(Dataset entries)
☆ ☆ ☆ ☆

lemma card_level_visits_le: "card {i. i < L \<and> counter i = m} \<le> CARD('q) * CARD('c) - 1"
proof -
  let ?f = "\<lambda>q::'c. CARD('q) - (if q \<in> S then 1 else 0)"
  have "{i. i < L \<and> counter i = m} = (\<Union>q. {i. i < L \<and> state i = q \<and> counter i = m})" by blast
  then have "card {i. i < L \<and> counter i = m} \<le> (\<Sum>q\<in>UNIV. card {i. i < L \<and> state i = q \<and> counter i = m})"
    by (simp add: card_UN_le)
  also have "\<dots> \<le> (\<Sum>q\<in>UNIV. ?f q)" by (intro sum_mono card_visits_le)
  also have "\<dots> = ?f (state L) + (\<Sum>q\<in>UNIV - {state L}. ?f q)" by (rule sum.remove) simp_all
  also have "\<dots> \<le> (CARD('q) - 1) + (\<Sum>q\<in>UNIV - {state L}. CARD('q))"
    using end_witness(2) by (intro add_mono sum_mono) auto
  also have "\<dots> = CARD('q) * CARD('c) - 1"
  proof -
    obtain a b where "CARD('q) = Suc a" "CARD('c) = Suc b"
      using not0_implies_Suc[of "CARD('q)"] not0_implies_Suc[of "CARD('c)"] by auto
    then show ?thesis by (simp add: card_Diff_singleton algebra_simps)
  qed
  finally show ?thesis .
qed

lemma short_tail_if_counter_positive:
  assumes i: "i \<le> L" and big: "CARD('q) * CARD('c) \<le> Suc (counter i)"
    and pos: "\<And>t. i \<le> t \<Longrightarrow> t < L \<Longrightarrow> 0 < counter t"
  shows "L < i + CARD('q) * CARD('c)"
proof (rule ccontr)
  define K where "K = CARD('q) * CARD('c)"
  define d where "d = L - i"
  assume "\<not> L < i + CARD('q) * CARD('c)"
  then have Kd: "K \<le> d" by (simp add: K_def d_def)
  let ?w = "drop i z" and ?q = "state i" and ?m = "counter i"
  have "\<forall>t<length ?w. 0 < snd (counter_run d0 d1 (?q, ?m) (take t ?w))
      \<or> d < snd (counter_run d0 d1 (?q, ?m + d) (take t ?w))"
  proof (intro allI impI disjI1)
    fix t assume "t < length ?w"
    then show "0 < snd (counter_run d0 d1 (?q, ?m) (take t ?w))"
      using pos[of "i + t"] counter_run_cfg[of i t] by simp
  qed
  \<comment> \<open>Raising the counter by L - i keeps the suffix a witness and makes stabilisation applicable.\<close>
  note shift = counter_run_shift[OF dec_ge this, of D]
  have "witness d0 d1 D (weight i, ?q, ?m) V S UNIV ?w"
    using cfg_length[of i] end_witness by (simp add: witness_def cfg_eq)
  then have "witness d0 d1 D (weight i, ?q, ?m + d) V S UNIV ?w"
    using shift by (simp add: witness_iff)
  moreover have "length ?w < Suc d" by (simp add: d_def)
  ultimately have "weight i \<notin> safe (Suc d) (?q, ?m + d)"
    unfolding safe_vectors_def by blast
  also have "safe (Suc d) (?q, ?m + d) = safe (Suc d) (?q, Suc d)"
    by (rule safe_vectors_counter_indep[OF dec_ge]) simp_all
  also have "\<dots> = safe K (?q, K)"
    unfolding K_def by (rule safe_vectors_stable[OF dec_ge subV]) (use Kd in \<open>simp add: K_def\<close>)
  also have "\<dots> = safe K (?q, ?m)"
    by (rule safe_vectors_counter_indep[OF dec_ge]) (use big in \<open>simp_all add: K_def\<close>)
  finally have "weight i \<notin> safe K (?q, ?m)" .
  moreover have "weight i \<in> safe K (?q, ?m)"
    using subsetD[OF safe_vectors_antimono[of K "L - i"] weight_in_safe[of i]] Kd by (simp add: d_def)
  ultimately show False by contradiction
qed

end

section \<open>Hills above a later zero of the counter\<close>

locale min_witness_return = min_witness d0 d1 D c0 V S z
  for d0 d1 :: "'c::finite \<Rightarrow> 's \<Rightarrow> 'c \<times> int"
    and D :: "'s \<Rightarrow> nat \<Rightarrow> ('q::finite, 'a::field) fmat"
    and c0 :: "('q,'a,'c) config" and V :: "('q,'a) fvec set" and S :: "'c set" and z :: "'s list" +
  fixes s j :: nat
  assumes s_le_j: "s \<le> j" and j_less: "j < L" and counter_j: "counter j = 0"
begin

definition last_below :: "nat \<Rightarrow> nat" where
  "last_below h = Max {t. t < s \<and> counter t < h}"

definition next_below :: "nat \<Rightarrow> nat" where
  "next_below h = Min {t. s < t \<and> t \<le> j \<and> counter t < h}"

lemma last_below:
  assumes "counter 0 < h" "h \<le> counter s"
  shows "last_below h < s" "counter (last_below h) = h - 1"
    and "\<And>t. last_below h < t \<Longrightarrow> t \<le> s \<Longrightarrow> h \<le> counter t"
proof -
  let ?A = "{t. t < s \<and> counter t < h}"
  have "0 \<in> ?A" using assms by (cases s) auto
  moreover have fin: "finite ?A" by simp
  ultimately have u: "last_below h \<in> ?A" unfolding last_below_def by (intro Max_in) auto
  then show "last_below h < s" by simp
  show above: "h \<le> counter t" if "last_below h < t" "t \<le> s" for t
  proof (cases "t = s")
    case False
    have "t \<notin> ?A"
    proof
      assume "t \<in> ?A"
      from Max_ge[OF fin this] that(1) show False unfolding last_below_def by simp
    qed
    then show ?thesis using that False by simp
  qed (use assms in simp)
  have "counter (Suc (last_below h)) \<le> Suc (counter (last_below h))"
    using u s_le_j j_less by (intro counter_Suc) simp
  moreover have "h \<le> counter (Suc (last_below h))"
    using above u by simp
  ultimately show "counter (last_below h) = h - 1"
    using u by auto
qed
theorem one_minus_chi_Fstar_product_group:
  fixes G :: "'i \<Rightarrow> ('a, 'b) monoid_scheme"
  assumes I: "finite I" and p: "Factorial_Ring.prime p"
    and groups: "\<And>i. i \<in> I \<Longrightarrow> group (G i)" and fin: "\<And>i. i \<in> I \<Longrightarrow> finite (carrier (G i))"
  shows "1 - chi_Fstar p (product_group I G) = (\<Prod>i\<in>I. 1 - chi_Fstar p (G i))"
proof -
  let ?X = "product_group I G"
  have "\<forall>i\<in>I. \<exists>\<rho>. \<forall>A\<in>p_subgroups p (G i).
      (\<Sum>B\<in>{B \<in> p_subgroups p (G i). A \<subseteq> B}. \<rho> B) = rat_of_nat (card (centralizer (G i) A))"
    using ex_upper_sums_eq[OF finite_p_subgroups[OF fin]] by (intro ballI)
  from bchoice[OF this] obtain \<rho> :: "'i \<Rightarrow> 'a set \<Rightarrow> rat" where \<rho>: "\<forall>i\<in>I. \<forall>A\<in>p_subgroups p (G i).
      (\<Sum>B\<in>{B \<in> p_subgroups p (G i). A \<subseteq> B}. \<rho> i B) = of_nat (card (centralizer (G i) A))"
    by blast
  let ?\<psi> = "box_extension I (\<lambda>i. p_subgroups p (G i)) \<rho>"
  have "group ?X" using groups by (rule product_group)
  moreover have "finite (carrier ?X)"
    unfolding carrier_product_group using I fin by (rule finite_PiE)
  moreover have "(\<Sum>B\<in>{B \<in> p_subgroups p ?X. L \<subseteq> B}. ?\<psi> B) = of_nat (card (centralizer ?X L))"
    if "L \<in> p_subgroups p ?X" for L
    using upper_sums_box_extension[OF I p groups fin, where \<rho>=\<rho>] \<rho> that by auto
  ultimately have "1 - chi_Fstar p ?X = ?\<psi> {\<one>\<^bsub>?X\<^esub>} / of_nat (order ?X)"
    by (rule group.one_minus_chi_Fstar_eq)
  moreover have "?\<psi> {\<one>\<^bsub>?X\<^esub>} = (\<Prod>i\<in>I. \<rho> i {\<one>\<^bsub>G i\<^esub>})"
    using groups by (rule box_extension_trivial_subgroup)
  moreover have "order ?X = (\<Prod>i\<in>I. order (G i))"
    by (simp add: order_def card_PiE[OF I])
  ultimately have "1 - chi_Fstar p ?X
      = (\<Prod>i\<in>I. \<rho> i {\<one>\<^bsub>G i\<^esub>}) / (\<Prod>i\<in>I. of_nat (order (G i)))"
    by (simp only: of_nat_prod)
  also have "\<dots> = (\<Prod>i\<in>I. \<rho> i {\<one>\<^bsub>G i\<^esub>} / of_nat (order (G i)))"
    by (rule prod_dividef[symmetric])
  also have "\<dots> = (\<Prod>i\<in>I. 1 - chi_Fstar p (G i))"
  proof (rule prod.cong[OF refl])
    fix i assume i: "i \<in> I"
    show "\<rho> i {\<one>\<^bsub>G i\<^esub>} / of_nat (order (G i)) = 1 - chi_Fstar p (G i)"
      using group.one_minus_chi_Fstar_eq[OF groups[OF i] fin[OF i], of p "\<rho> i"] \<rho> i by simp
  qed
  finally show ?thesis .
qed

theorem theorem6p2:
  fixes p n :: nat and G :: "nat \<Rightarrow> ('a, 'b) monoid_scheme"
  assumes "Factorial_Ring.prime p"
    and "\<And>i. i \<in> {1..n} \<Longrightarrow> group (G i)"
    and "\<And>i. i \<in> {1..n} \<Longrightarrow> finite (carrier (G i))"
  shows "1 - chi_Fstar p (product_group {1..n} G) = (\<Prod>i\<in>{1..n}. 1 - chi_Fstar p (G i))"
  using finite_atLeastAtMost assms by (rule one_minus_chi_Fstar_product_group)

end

☆ ☆ ☆ ☆

Track down all lines above with the string "assumes" and copy them.

_Problem solution_.
  assumes i: "i \<le> L" and big: "CARD('q) * CARD('c) \<le> Suc (counter i)"
  assumes s_le_j: "s \<le> j" and j_less: "j < L" and counter_j: "counter j = 0"
  assumes "counter 0 < h" "h \<le> counter s"
  assumes I: "finite I" and p: "Factorial_Ring.prime p"
  assumes "Factorial_Ring.prime p"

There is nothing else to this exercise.